TRY IT — The required output is the lines below from the line containing "b)\<in>H. a \<bullet>" to the line containing "fix y assume", inclusive, retyped exactly. No other lines belong in it.

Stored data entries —
********

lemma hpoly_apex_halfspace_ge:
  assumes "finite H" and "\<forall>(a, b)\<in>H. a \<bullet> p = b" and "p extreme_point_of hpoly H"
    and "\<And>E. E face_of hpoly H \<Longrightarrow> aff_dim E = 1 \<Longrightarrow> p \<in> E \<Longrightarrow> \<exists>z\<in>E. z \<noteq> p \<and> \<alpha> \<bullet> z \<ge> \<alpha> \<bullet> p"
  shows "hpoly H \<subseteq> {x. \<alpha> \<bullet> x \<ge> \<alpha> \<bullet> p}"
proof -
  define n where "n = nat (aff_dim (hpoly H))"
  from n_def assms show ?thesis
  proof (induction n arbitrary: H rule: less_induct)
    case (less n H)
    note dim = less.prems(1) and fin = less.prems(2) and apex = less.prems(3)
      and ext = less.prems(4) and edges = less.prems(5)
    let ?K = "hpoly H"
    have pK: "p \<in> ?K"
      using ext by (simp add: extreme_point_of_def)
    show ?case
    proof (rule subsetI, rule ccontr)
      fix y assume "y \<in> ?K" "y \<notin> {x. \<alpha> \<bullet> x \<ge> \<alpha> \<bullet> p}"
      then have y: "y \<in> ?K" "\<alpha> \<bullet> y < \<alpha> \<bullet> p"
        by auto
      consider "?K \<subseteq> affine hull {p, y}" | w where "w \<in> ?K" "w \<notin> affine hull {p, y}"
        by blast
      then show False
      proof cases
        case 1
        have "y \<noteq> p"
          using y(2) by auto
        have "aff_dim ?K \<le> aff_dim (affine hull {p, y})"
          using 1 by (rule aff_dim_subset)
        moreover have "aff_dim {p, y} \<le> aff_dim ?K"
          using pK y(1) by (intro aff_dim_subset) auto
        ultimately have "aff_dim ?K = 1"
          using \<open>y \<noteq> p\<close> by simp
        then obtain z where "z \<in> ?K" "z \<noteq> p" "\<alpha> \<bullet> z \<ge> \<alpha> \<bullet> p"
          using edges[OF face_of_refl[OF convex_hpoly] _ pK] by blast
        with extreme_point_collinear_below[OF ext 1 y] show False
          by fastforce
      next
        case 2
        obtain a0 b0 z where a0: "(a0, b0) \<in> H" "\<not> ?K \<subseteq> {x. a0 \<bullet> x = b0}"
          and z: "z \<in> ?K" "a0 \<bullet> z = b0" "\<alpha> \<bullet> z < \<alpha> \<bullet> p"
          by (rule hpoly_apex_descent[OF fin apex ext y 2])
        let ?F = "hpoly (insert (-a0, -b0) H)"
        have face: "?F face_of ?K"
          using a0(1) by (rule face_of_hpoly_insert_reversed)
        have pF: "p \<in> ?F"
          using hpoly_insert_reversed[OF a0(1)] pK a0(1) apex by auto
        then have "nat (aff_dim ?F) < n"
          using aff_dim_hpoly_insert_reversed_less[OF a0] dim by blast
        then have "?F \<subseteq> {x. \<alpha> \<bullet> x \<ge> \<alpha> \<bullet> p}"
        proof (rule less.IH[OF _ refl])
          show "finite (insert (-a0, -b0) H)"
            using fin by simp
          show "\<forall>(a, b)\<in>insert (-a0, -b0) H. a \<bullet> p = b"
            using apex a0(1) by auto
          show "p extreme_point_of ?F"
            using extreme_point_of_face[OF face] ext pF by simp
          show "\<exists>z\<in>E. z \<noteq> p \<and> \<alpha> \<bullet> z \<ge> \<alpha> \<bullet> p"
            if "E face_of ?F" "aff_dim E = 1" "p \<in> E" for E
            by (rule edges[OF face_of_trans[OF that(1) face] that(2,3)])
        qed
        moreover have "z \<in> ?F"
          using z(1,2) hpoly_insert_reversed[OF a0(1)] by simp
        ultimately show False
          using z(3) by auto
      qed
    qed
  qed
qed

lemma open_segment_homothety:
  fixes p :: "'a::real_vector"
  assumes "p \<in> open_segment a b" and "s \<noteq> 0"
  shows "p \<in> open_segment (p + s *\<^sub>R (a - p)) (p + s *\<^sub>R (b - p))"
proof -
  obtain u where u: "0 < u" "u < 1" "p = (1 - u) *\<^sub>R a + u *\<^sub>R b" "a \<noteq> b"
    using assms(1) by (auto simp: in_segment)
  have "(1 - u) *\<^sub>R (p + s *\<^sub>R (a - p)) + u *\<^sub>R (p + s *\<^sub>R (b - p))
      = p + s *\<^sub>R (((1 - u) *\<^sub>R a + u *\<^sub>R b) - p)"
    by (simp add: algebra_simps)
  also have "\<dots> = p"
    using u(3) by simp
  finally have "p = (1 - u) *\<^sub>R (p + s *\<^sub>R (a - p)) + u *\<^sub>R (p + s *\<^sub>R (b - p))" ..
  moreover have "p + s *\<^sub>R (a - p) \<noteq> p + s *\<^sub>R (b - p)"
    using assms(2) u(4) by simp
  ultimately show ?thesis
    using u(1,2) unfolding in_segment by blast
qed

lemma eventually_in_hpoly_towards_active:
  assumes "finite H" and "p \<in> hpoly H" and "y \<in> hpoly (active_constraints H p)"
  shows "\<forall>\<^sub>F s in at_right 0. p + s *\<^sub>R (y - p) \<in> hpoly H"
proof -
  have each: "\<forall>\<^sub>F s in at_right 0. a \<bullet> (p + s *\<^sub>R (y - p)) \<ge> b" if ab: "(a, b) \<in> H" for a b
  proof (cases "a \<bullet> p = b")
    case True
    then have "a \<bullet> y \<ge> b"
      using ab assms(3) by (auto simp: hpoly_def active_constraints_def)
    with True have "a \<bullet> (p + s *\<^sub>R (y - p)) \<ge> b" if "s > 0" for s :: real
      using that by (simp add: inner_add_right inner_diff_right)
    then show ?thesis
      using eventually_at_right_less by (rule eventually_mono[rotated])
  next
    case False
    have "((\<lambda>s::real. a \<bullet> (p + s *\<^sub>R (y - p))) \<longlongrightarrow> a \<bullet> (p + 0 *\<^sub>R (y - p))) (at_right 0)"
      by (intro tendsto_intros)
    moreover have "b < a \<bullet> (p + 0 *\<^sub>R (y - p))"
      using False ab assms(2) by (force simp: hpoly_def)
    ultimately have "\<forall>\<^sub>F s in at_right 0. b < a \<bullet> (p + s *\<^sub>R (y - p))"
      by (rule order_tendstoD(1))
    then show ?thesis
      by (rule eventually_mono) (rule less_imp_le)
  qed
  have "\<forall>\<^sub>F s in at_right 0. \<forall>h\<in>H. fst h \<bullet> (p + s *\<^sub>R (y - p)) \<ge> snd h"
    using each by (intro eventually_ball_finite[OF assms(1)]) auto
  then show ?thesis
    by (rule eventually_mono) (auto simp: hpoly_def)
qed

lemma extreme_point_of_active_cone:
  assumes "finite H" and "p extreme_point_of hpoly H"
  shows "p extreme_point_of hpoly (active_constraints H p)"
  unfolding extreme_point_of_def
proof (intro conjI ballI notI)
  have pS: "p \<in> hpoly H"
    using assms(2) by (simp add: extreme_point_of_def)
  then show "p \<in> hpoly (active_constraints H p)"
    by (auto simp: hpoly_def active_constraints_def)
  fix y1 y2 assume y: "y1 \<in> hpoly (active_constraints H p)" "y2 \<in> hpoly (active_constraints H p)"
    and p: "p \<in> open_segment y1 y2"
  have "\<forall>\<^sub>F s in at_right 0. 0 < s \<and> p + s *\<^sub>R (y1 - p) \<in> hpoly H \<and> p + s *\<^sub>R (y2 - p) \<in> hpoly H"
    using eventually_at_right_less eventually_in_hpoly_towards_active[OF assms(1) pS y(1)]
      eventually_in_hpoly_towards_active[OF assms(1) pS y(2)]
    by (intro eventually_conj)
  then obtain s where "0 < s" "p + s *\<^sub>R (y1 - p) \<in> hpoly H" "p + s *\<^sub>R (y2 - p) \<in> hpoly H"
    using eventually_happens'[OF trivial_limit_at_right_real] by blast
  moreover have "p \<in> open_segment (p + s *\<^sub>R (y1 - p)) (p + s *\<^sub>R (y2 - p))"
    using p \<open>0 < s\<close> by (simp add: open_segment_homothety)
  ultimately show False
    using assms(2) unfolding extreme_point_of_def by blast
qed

********

COMPLETED EXERCISE —
  assumes "finite H" and "\<forall>(a, b)\<in>H. a \<bullet> p = b" and "p extreme_point_of hpoly H"
    and "\<And>E. E face_of hpoly H \<Longrightarrow> aff_dim E = 1 \<Longrightarrow> p \<in> E \<Longrightarrow> \<exists>z\<in>E. z \<noteq> p \<and> \<alpha> \<bullet> z \<ge> \<alpha> \<bullet> p"
  shows "hpoly H \<subseteq> {x. \<alpha> \<bullet> x \<ge> \<alpha> \<bullet> p}"
proof -
  define n where "n = nat (aff_dim (hpoly H))"
  from n_def assms show ?thesis
  proof (induction n arbitrary: H rule: less_induct)
    case (less n H)
    note dim = less.prems(1) and fin = less.prems(2) and apex = less.prems(3)
      and ext = less.prems(4) and edges = less.prems(5)
    let ?K = "hpoly H"
    have pK: "p \<in> ?K"
      using ext by (simp add: extreme_point_of_def)
    show ?case
    proof (rule subsetI, rule ccontr)
      fix y assume "y \<in> ?K" "y \<notin> {x. \<alpha> \<bullet> x \<ge> \<alpha> \<bullet> p}"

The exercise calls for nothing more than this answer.